The yarn feeding device according to claim 1, wherein the yarn feeding device is wound around a part of the outer peripheral surface of at least one of the drive rollers. 3 The drive wheel is formed to be engageable with the drive belt of the knitting machine, and the power transmission means includes a toothed belt provided in the holder and engaged with the spool support-drive roller, and the drive wheel. The yarn supply according to claim 1, further comprising: an orthogonal drive mechanism that is provided between a wheel and a toothed belt and transmits the driving force of the drive wheel to the toothed belt. Device. 4. The yarn feeding device according to claim 1, wherein the power transmission means includes a reversing gear mechanism that allows rotation of the spool support/drive roller in both directions. 5 The orthogonal drive mechanism includes a pair of bevel gears and an engaging bevel gear having a diameter smaller than the interval between the bevel gears, and one of the pair of bevel gears is selectively connected to the engaging bevel gear. provided so as to be engageable;
The yarn supply device according to claim 3, wherein the rotation direction of the engaging bevel gear is selected. 6. The yarn feeding device according to claim 1, wherein at least one of each pair of spool support/drive rollers has a surface with a high coefficient of friction. 7. Claim 6, characterized in that the surface of at least one of the spool support/drive rollers has a layer made of a material with a high coefficient of friction.

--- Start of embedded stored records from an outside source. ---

(* Let $\Gamma$ be a primitive strongly regular graph with parameters $(v,k,\lambda,\mu)$, eigenvalues $k > e^+ > 0 > e^-$, and let $m^-$ be the multiplicity of $e^-$. Suppose $ve^- = m^-(e^- - k)$. Let $Y, Z$ be two different Delsarte cocliques of $\Gamma$. For a vertex $z \in Z \setminus Y$ let $b_z = \{ y \in Y : y \sim z \}$. Then: \begin{enumerate} \item[(a)] The set $\mathcal{B} := \{ b_z : z \in Z \setminus Y\}$ is a symmetric $2$-$\left( \frac{(e^+)^2 - (e^-)^{2}}{(e^+)^{2} + e^-}, -e^-, -(e^+)^2 - e^- \right)$ design (on the point set $Y\setminus Z$). \item[(b)] $|Y \cap Z| = m^- - \frac{(e^+)^2 - (e^-)^2}{(e^+)^2 + e^-} = \frac{(e^-+1)e^+}{(e^+)^2 + e^-}$. \item[(c)] For every vertex $w$ of $\Gamma$ with $w \notin Y$ and $w \notin Z$, the set $\{y \in Y : y \sim w\}$ contains exactly $e^+$ elements of $Y \cap Z$. \item[(d)] $\Gamma$ contains at most $m^-+1$ Delsarte cocliques. If $\Gamma$ contains exactly $m^-+1$ Delsarte cocliques, then a symmetric $2$-$\left(\frac{(e^+)^2+ e^+e^-+e^+ - (e^-)^2}{(e^+)^2 + e^-}, \frac{(e^-+1)e^+}{(e^+)^2 + e^-}, \frac{-(e^+)^2 + e^+}{(e^+)^2 + e^-}\right)$ design exists, and every vertex of $\Gamma$ lies in exactly $1+\frac{(e^-+1)e^+}{(e^+)^2 + e^-}$ Delsarte cocliques. \item[(e)] The common intersection of any three distinct Delsarte cocliques of $\Gamma$ has size $\frac{-(e^+)^2 + e^+}{(e^+)^2 + e^-}$. \item[(f)] If $e^+$ and $e^-$ are coprime and $e^+ > 1$, then $\Gamma$ contains at most two Delsarte cocliques. \end{enumerate}
   Context: A strongly regular graph with parameters $(v,k,\lambda,\mu)$ has $v$ vertices, is $k$-regular, any two adjacent vertices have exactly $\lambda$ common neighbours and any two distinct non-adjacent vertices have exactly $\mu$ common neighbours. Its adjacency matrix has eigenvalues $k$, $e^+$, $e^-$ with $k \ge e^+ \ge 0 > e^-$; $m^-$ denotes the multiplicity of $e^-$. It is primitive if both it and its complement are connected. $u \sim w$ means $u$ and $w$ are adjacent. A coclique is a set of pairwise non-adjacent vertices; a Delsarte coclique is a coclique of size $\frac{ve^-}{e^- - k}$. A $2$-$(\tilde v,\tilde k,\tilde\lambda)$ design is a set $\mathcal{B}$ of $\tilde k$-subsets (blocks) of a $\tilde v$-element point set such that every pair of distinct points lies in exactly $\tilde\lambda$ blocks; it is symmetric if any two distinct blocks meet in the same number of points (equivalently, for a $2$-design with at least two blocks, the number of blocks equals $\tilde v$). *)

theory Defs
  imports Main "Jordan_Normal_Form.Char_Poly"
begin

text \<open>Simple graphs on the vertex set {0..<v} (natural numbers), given by an
  adjacency relation E (only its restriction to {0..<v} matters).\<close>

definition simple_graph :: "nat \<Rightarrow> (nat \<Rightarrow> nat \<Rightarrow> bool) \<Rightarrow> bool" where
  "simple_graph v E \<longleftrightarrow>
     (\<forall>x<v. \<not> E x x) \<and> (\<forall>x<v. \<forall>y<v. E x y \<longleftrightarrow> E y x)"

definition srg :: "nat \<Rightarrow> (nat \<Rightarrow> nat \<Rightarrow> bool) \<Rightarrow> nat \<Rightarrow> nat \<Rightarrow> nat \<Rightarrow> bool" where
  "srg v E k lam mu \<longleftrightarrow> simple_graph v E \<and>
     (\<forall>x<v. card {y. y < v \<and> E x y} = k) \<and>
     (\<forall>x<v. \<forall>y<v. x \<noteq> y \<and> E x y \<longrightarrow> card {z. z < v \<and> E x z \<and> E y z} = lam) \<and>
     (\<forall>x<v. \<forall>y<v. x \<noteq> y \<and> \<not> E x y \<longrightarrow> card {z. z < v \<and> E x z \<and> E y z} = mu)"

definition connected_graph :: "nat \<Rightarrow> (nat \<Rightarrow> nat \<Rightarrow> bool) \<Rightarrow> bool" where
  "connected_graph v E \<longleftrightarrow>
     (\<forall>x<v. \<forall>y<v. (\<lambda>a b. a < v \<and> b < v \<and> E a b)\<^sup>*\<^sup>* x y)"

definition complement_graph :: "(nat \<Rightarrow> nat \<Rightarrow> bool) \<Rightarrow> nat \<Rightarrow> nat \<Rightarrow> bool" where
  "complement_graph E = (\<lambda>a b. a \<noteq> b \<and> \<not> E a b)"

definition primitive_graph :: "nat \<Rightarrow> (nat \<Rightarrow> nat \<Rightarrow> bool) \<Rightarrow> bool" where
  "primitive_graph v E \<longleftrightarrow> connected_graph v E \<and> connected_graph v (complement_graph E)"

definition adj_matrix :: "nat \<Rightarrow> (nat \<Rightarrow> nat \<Rightarrow> bool) \<Rightarrow> real mat" where
  "adj_matrix v E = mat v v (\<lambda>(i, j). if E i j then 1 else 0)"

definition coclique :: "nat \<Rightarrow> (nat \<Rightarrow> nat \<Rightarrow> bool) \<Rightarrow> nat set \<Rightarrow> bool" where
  "coclique v E C \<longleftrightarrow> C \<subseteq> {0..<v} \<and> (\<forall>x\<in>C. \<forall>y\<in>C. \<not> E x y)"

definition delsarte_coclique ::
  "nat \<Rightarrow> (nat \<Rightarrow> nat \<Rightarrow> bool) \<Rightarrow> nat \<Rightarrow> real \<Rightarrow> nat set \<Rightarrow> bool" where
  "delsarte_coclique v E k em C \<longleftrightarrow>
     coclique v E C \<and> real (card C) = real v * em / (em - real k)"

definition design2 :: "'p set \<Rightarrow> 'p set set \<Rightarrow> real \<Rightarrow> real \<Rightarrow> real \<Rightarrow> bool" where
  "design2 P Bs vt kt lt \<longleftrightarrow> finite P \<and> real (card P) = vt \<and>
     (\<forall>b\<in>Bs. b \<subseteq> P \<and> real (card b) = kt) \<and>
     (\<forall>x\<in>P. \<forall>y\<in>P. x \<noteq> y \<longrightarrow> real (card {b\<in>Bs. x \<in> b \<and> y \<in> b}) = lt)"

definition symmetric_design :: "'p set \<Rightarrow> 'p set set \<Rightarrow> real \<Rightarrow> real \<Rightarrow> real \<Rightarrow> bool" where
  "symmetric_design P Bs vt kt lt \<longleftrightarrow> design2 P Bs vt kt lt \<and> real (card Bs) = vt"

Yarn supply device as described in Section. 8. Yarn feeding device according to claim 6, characterized in that said at least one spool support-drive roller has a rough surface with a number of grooves or stipples formed therein. 9. The yarn supply according to claim 1, further comprising an endless belt that is wound around the pair of spool support/drive rollers and has a concave portion in contact with the circumferential surface of the spool. Device. 10. The yarn feeding device of claim 1, wherein each of the spool support and drive rollers has a small diameter groove for accommodating a protrusion formed at the end of the spool. 11. The yarn feeding device according to claim 1, further comprising a pressing roller that engages with the spool and presses the spool toward the pair of spool support/drive rollers. 12 The spool holder is formed hollow,
The yarn feeding device according to claim 11, wherein the pressing roller extends into a hollow portion of the spool holder and presses the spool toward the pair of spool supporting and driving rollers. . 13. The yarn supplying device according to claim 1, further comprising a non-contact yarn monitoring device provided in the path of the yarn pulled out from the spool. 14 A non-contact yarn monitoring device is provided in the path of the yarn pulled out from the spool, and the yarn is wound around the circumferential surface of at least one of the spool support/drive rollers. A yarn feeding device according to claim 1. 15. The yarn feeding device according to claim 11, wherein the pressing roller is driven by frictional engagement with the spool and applies a driving force to the spool.